Spam, or unsolicited commercial e-mail (UCE) as it is sometimes called, is the scourge of the Internet. Spam has increased relentlessly over the last ten years and now accounts for over half of all Internet bandwidth. One in six consumers have acted on spam e-mails, so there is a strong business case for keeping spam out of your users’ inboxes. There are a variety of different spam solutions, ranging from outsourcing your spam entirely to no action at all. However, if you have your own e-mail server, you can add spam filtering very easily.

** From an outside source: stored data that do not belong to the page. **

(* Let $n\ge3$, let $e_1,\dots,e_n\ge1$ be integers, let $p$ be a prime with $p>\max\{e_1,\dots,e_n\}$, and let $R$ be a nonzero $\mathbf F_p$-algebra (commutative, unital). If $\max\{e_1,\dots,e_n\}>1$, then $G_{R,n;e_1,\dots,e_n}$ contains an elementary abelian $p$-group of infinite rank; in particular it is infinite.
   Context: For distinct $i,j$, $e\ge0$, $r\in R$: $\alpha_{i;j}^{(e)}(r)\in\mathrm{Aut}(R[x_1,\dots,x_n])$ maps $x_i\mapsto x_i+rx_j^e$ and fixes $x_\ell$ for $\ell\ne i$. $G_{R,n;e_1,\dots,e_n}$ is the subgroup generated by $\{\alpha_{i;i+1}^{(e_i)}(r): 1\le i\le n, r\in R\}$, indices modulo $n$. *)

theory Defs
  imports "HOL-Library.Poly_Mapping" "HOL-Computational_Algebra.Primes"
begin

text \<open>Multivariate polynomials over a commutative ring 'r in the variables x_0, x_1, ...:
  a monomial is a finitely supported exponent vector, a polynomial a
  finitely supported coefficient function on monomials (convolution product from Poly_Mapping).\<close>

type_synonym 'r mpoly = "(nat \<Rightarrow>\<^sub>0 nat) \<Rightarrow>\<^sub>0 'r"

definition MConst :: "'r::comm_ring_1 \<Rightarrow> 'r mpoly" where
  "MConst c = Poly_Mapping.single 0 c"

definition MVar :: "nat \<Rightarrow> 'r::comm_ring_1 mpoly" where
  "MVar i = Poly_Mapping.single (Poly_Mapping.single i 1) 1"

definition subst :: "(nat \<Rightarrow> 'r::comm_ring_1 mpoly) \<Rightarrow> 'r mpoly \<Rightarrow> 'r mpoly" where
  "subst s p = (\<Sum>mon\<in>Poly_Mapping.keys p. MConst (Poly_Mapping.lookup p mon) * (\<Prod>v\<in>Poly_Mapping.keys mon. (s v) ^ (Poly_Mapping.lookup mon v)))"

definition alpha :: "nat \<Rightarrow> nat \<Rightarrow> nat \<Rightarrow> 'r::comm_ring_1 \<Rightarrow> 'r mpoly \<Rightarrow> 'r mpoly" where
  "alpha i j e r = subst (\<lambda>l. if l = i then MVar i + MConst r * MVar j ^ e else MVar l)"

text \<open>Generators of G_{R,n;e}, with indices 0..n-1 (cyclically, i+1 taken mod n).\<close>
definition gens :: "nat \<Rightarrow> (nat \<Rightarrow> nat) \<Rightarrow> ('r::comm_ring_1 mpoly \<Rightarrow> 'r mpoly) set" where
  "gens n e = {alpha i (Suc i mod n) (e i) r | i r. i < n}"

inductive_set gen_group :: "('a \<Rightarrow> 'a) set \<Rightarrow> ('a \<Rightarrow> 'a) set" for S where
  gen_id: "id \<in> gen_group S"
| gen_mult: "g \<in> S \<Longrightarrow> f \<in> gen_group S \<Longrightarrow> g \<circ> f \<in> gen_group S"
| gen_inv: "g \<in> S \<Longrightarrow> f \<in> gen_group S \<Longrightarrow> inv g \<circ> f \<in> gen_group S"

definition G_group :: "nat \<Rightarrow> (nat \<Rightarrow> nat) \<Rightarrow> ('r::comm_ring_1 mpoly \<Rightarrow> 'r mpoly) set" where
  "G_group n e = gen_group (gens n e)"

definition elem_abelian_p_group :: "nat \<Rightarrow> ('a \<Rightarrow> 'a) set \<Rightarrow> bool" where
  "elem_abelian_p_group p H \<longleftrightarrow>
     H \<noteq> {} \<and> (\<forall>h\<in>H. bij h) \<and>
     (\<forall>f\<in>H. \<forall>g\<in>H. f \<circ> g \<in> H) \<and> (\<forall>h\<in>H. inv h \<in> H) \<and>
     (\<forall>f\<in>H. \<forall>g\<in>H. f \<circ> g = g \<circ> f) \<and> (\<forall>h\<in>H. h ^^ p = id)"

end

theory Submission
  imports Defs
begin

text \<open>
  For f free of x_0 the automorphisms x_0 \<mapsto> x_0 + f compose by adding the f's, so those lying
  in G form an elementary abelian p-group, and it suffices to find infinitely many of them.

  Conjugating x_i \<mapsto> x_i + c x_j^a by x_j \<mapsto> x_j + r h gives x_i \<mapsto> x_i + c (x_j + r h)^a.
  The finite-difference identity \<Sum>_r (-1)^r (a choose r) (x + r y)^a = (-1)^a a! y^a, in which a!
  is a unit because a < p, combines these into x_i \<mapsto> x_i + c h^a. Walking backwards around the
  cycle from x_0 \<mapsto> x_0 + c x_1^(e_0) to index 2 gives x_2 \<mapsto> x_2 + c x_1^D with
  D = e_2 \<cdots> e_(n-1) e_0. Conjugating x_0 \<mapsto> x_0 + c x_1^(e_0) alternately by
  x_1 \<mapsto> x_1 + x_2^(e_1) and x_2 \<mapsto> x_2 + x_1^D then gives x_0 \<mapsto> x_0 + c Q_k^(e_0), where Q_k is the
  image of x_1 under k such Henon-type steps. As e_1 D = \<Prod>e_i \<ge> 2, the degree of Q_k for the
  weights 2 e_1 on x_1 and 3 on x_2 increases strictly with k, so the Q_k are pairwise distinct.
\<close>

section \<open>Substitution is a ring homomorphism\<close>

definition subst_monom :: "(nat \<Rightarrow> 'r::comm_ring_1 mpoly) \<Rightarrow> (nat \<Rightarrow>\<^sub>0 nat) \<Rightarrow> 'r mpoly" where
  "subst_monom s m = (\<Prod>v\<in>Poly_Mapping.keys m. s v ^ Poly_Mapping.lookup m v)"

lemma subst_eq_sum_monom:
  "subst s p = (\<Sum>m\<in>Poly_Mapping.keys p. MConst (Poly_Mapping.lookup p m) * subst_monom s m)"
  by (simp add: subst_def subst_monom_def)

lemma MConst_0 [simp]: "MConst 0 = 0"
  by (simp add: MConst_def)

lemma MConst_1 [simp]: "MConst 1 = 1"
  by (simp add: MConst_def)

lemma MConst_add: "MConst (a + b) = MConst a + MConst b"
  by (simp add: MConst_def single_add)

lemma MConst_mult: "MConst (a * b) = MConst a * MConst b"
  by (simp add: MConst_def mult_single)

lemma MConst_uminus: "MConst (- a) = - MConst a"
  by (simp add: MConst_def single_uminus)

lemma MConst_of_nat: "MConst (of_nat k) = of_nat k"
  by (simp add: MConst_def)

lemma MConst_power: "MConst (a ^ k) = MConst a ^ k"
  by (induction k) (simp_all add: MConst_mult)

lemma subst_monom_superset:
  assumes "finite V" "Poly_Mapping.keys m \<subseteq> V"
  shows "subst_monom s m = (\<Prod>v\<in>V. s v ^ Poly_Mapping.lookup m v)"
  unfolding subst_monom_def
  by (rule prod.mono_neutral_left) (use assms in \<open>auto simp: in_keys_iff\<close>)

lemma subst_monom_add: "subst_monom s (a + b) = subst_monom s a * subst_monom s b"
proof -
  let ?V = "Poly_Mapping.keys a \<union> Poly_Mapping.keys b"
  have "subst_monom s (a + b) = (\<Prod>v\<in>?V. s v ^ Poly_Mapping.lookup (a + b) v)"
    by (rule subst_monom_superset) (auto dest: subsetD[OF keys_add])
  also have "\<dots> = (\<Prod>v\<in>?V. s v ^ Poly_Mapping.lookup a v * s v ^ Poly_Mapping.lookup b v)"
    by (simp add: lookup_add power_add)
  also have "\<dots> = subst_monom s a * subst_monom s b"
    by (simp add: prod.distrib subst_monom_superset[of ?V])
  finally show ?thesis .
qed

lemma subst_monom_zero [simp]: "subst_monom s 0 = 1"
  by (simp add: subst_monom_def)

lemma subst_superset:
  assumes "finite S" "Poly_Mapping.keys p \<subseteq> S"
  shows "subst s p = (\<Sum>m\<in>S. MConst (Poly_Mapping.lookup p m) * subst_monom s m)"
  unfolding subst_eq_sum_monom
  by (rule sum.mono_neutral_left) (use assms in \<open>auto simp: in_keys_iff\<close>)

SpamAssassin is a very popular open source anti-spam tool. It won a Linux New Media Award-2006 as the “Best Linux-based Anti-spam Solution”, and is considered by many to be the best free, open source, anti-spam tool, and better than many commercial products. In fact, several commercial products and services are based on SpamAssassin or previous versions of it.
Why filter e-mail
If you don’t receive any spam, there may be no need to filter spam. However, once one spam message has been received, it is invariably followed by many more. Spammers can sometimes detect if a spam e-mail is viewed, using techniques such as Web bugs, which are tiny images in HTML e-mails that are fetched from web servers, and then know that an e-mail address is valid and vulnerable. If spam is filtered, the initial e-mail may never get seen, and consequently the spammer may not then target the e-mail address with further spam.
Despite legal efforts against spam, it is actually on the increase. In Europe and the US, the recent legislation against spam (Directive 2002/58/EC and bill number S.877 respectively) has had little effect and spam is still on the increase in both regions.
The main reason for this is that spam is a very good business model. It is very cheap to send spam, as little as one thousandth of a cent per e-mail, and it takes a very low hit rate before a profit is made. The spammer needs to turn just one spam in a hundred thousand or so into a sale to make a profit. As a result, there are many spammers and spam is used to promote a wide range of goods. Spamming costs are also negligible due to use of malware that uses innocent computers to send spam on their behalf.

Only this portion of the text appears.